Zostaly 2 tyg do Polski, w te jeansy juz sie mieszcze i nie jest najgorzej, juz mi tak wszystko nie sterczy, a jak jeszcze pobiegam 2 tygodnie to powinno byc jeszcze lepiej:)
Jedzenie z wczoraj:
SEREK WIEJSKI Z RODZNKAMI,JABLKO
3 CHRUPKIEZ MAKRELA W POMIDORACH
STEK Z BIALA KAPUSTA
KONCOWKA ZYPY Z PRAZONYMI MIGDALAMI
4 posilki jak na moje pozne wstawanie to max
Wczoraj nie mialam motywacji i czasu na trening
Za to spedzilam w centrum handlowym 3h z dzieckiem i wozkiem
Pozatym zrobil mi taka jazde, ze przez stres spalilam chyba milion kcl:)

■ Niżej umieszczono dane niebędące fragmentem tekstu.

lemma line_increment_bound:
  fixes f :: "'a::real_normed_vector \<Rightarrow> real"
  assumes d: "\<And>t. \<bar>t\<bar> \<le> \<bar>s\<bar> \<Longrightarrow> (\<lambda>\<tau>. f ((y + t *\<^sub>R c) + \<tau> *\<^sub>R c)) differentiable (at 0)"
    and close: "\<And>t. \<bar>t\<bar> \<le> \<bar>s\<bar> \<Longrightarrow> \<bar>dirderiv c f (y + t *\<^sub>R c) - L\<bar> \<le> e"
  shows "\<bar>f (y + s *\<^sub>R c) - f y - s * L\<bar> \<le> \<bar>s\<bar> * e"
proof -
  have "\<exists>\<xi>. \<bar>\<xi>\<bar> \<le> \<bar>s\<bar> \<and> f (y + s *\<^sub>R c) - f (y + 0 *\<^sub>R c) = s * dirderiv c f (y + \<xi> *\<^sub>R c)"
    by (rule MVT_sym[where \<phi>="\<lambda>t. f (y + t *\<^sub>R c)" and \<phi>'="\<lambda>t. dirderiv c f (y + t *\<^sub>R c)"])
      (auto intro!: dirderiv_DERIV_shift d)
  then obtain \<xi> where \<xi>: "\<bar>\<xi>\<bar> \<le> \<bar>s\<bar>" "f (y + s *\<^sub>R c) - f y = s * dirderiv c f (y + \<xi> *\<^sub>R c)"
    by auto
  then have "f (y + s *\<^sub>R c) - f y - s * L = s * (dirderiv c f (y + \<xi> *\<^sub>R c) - L)"
    by (simp add: algebra_simps)
  then show ?thesis using close[OF \<xi>(1)] by (simp add: abs_mult mult_left_mono)
qed

lemma norm_proj_le:
  fixes h :: "'a::euclidean_space"
  assumes "B \<subseteq> Basis"
  shows "norm (\<Sum>b\<in>B. (h \<bullet> b) *\<^sub>R b) \<le> real (card B) * norm h"
proof -
  have "norm (\<Sum>b\<in>B. (h \<bullet> b) *\<^sub>R b) \<le> (\<Sum>b\<in>B. norm ((h \<bullet> b) *\<^sub>R b))" by (rule norm_sum)
  also have "\<dots> \<le> (\<Sum>b\<in>B. norm h)"
    by (intro sum_mono) (use assms in \<open>auto simp: Basis_le_norm\<close>)
  finally show ?thesis by simp
qed
lemma move_image_line_through_left:
  assumes "M \<in> Bs" "a \<in> M"
  shows "\<sigma> ` M \<in> Bs"
proof (cases "b \<in> M")
  case True
  with assms show ?thesis by (simp add: move_image_line_through_both)
next
  case False
  obtain p q r where M: "M = {a,p,q,r}" "distinct [a,p,q,r]"
    using card_eq_4_obtain[OF card_line[OF assms(1)] assms(2)] .
  with assms(1) False have line: "{a,p,q,r} \<in> Bs" and b_notin: "b \<notin> {p,q,r}" by auto
  from collinear_with_line_through_left_odd[OF line M(2) b_notin]
  consider "collinear a b p" "\<not> collinear a b q" "\<not> collinear a b r"
    | "collinear a b q" "\<not> collinear a b p" "\<not> collinear a b r"
    | "collinear a b r" "\<not> collinear a b p" "\<not> collinear a b q"
    | "collinear a b p" "collinear a b q" "collinear a b r"
    by blast
  then show ?thesis
  proof cases
    case 1
    with line M(2) b_notin have "\<sigma> ` {a,p,q,r} \<in> Bs"
      by (rule move_image_line_through_left_one_flip)
    with M(1) show ?thesis by simp
  next
    case 2
    have "{a,q,p,r} = M" using M(1) by blast
    moreover from this 2 have "\<sigma> ` {a,q,p,r} \<in> Bs"
      by (intro move_image_line_through_left_one_flip) (use assms(1) M(2) b_notin in auto)
    ultimately show ?thesis by simp
  next
    case 3
    have "{a,r,p,q} = M" using M(1) by blast
    moreover from this 3 have "\<sigma> ` {a,r,p,q} \<in> Bs"
      by (intro move_image_line_through_left_one_flip) (use assms(1) M(2) b_notin in auto)
    ultimately show ?thesis by simp
  next
    case 4
    with line M(2) b_notin have "\<sigma> ` {a,p,q,r} \<in> Bs"
      by (rule move_image_line_through_left_three_flips)
    with M(1) show ?thesis by simp
  qed
qed

text \<open>The line is the symmetric difference of two lines through a, whose images are lines.\<close>
lemma move_image_line_avoiding_of_collinear:
  assumes M: "{p,q,r,t} \<in> Bs" "distinct [p,q,r,t]" and notin: "a \<notin> {p,q,r,t}" "b \<notin> {p,q,r,t}"
    and col: "collinear a p q"
  shows "\<sigma> ` {p,q,r,t} \<in> Bs"
proof -
  have "distinct [a,p,q]" using M(2) notin by auto
  with col obtain u where K: "{a,p,q,u} \<in> Bs" "distinct [a,p,q,u]"
    by (rule collinear_obtain_line)
  have "u \<noteq> r"
  proof
    assume "u = r"
    then have "{a,p,q,u} = {p,q,r,t}" by (intro line_unique[of _ _ p q r]) (use K M in auto)
    with notin show False by blast
  qed
  moreover have "u \<noteq> t"
  proof
    assume "u = t"
    then have "{a,p,q,u} = {p,q,r,t}" by (intro line_unique[of _ _ p q t]) (use K M in auto)
    with notin show False by blast
  qed
  ultimately have d: "distinct [a,u,p,q,r,t]" using K(2) M(2) notin by auto
  then have "distinct [p,q,a,u,r,t]" by auto
  with K(1) M(1) have K': "{a,u,r,t} \<in> Bs" by (rule line_symmetric_difference) auto
  have "\<sigma> ` {a,p,q,u} \<in> Bs" by (rule move_image_line_through_left[OF K(1)]) simp
  moreover have "\<sigma> ` {a,u,r,t} \<in> Bs" by (rule move_image_line_through_left[OF K']) simp
  moreover have "distinct (map \<sigma> [a,u,p,q,r,t])"
    using d by (simp add: distinct_map inj_on_def move_eq_iff)
  then have "distinct [b, \<sigma> u, \<sigma> p, \<sigma> q, \<sigma> r, \<sigma> t]" by (simp add: move_left)
  ultimately have "{\<sigma> p, \<sigma> q, \<sigma> r, \<sigma> t} \<in> Bs"
    by (rule line_symmetric_difference) (auto simp: move_left)
  then show ?thesis by simp
qed

lemma move_image_line_avoiding:
  assumes "M \<in> Bs" "a \<notin> M" "b \<notin> M"
  shows "\<sigma> ` M \<in> Bs"
proof -
  obtain p where "p \<in> M" using card_line[OF assms(1)] by fastforce
  then obtain q r t where M: "M = {p,q,r,t}" "distinct [p,q,r,t]"
    using card_eq_4_obtain card_line[OF assms(1)] by metis
  with assms have line: "{p,q,r,t} \<in> Bs" and notin: "a \<notin> {p,q,r,t}" "b \<notin> {p,q,r,t}" by auto
  have "distinct [a,p,q,r]" "{a,p,q,r} \<subseteq> Omega" using M notin line_subset[OF assms(1)] a_in by auto
  then consider "collinear a p q" | "collinear a p r" | "collinear a q r"
    using collinear_parity collinear_line[OF line] by blast
  then show ?thesis
  proof cases
    case 1
    with line M(2) notin have "\<sigma> ` {p,q,r,t} \<in> Bs"
      by (rule move_image_line_avoiding_of_collinear)
    with M(1) show ?thesis by simp
  next
    case 2
    have "{p,r,q,t} = M" using M(1) by blast
    moreover from this 2 have "\<sigma> ` {p,r,q,t} \<in> Bs"
      by (intro move_image_line_avoiding_of_collinear) (use assms(1) M(2) notin in auto)
    ultimately show ?thesis by simp
  next
    case 3
    have "{q,r,p,t} = M" using M(1) by blast
    moreover from this 3 have "\<sigma> ` {q,r,p,t} \<in> Bs"
      by (intro move_image_line_avoiding_of_collinear) (use assms(1) M(2) notin in auto)
    ultimately show ?thesis by simp
  qed
qed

Obudzil sie jak nigdy glodny po 1,5 h co nigdy sie nie zdarza, nie mialam pieluch, wiec musialm kupic, dzieki Bogu mialam butelke z woda i mleko dla niego ufff uratowalo mi to zycie:)
Dzis w planie:
-poskladac suche pranie
-wywiesic te ktore sie przed chwila wypralo
-zrobic kolejna czesc listy co wyslac do Polski
-pobiegac
-uzupelnic dziennik
-wykapac sie
-zrobic jakas salatke
Jeszcze raz dziekuje za slowa otuchy, jestescie kochane!!!!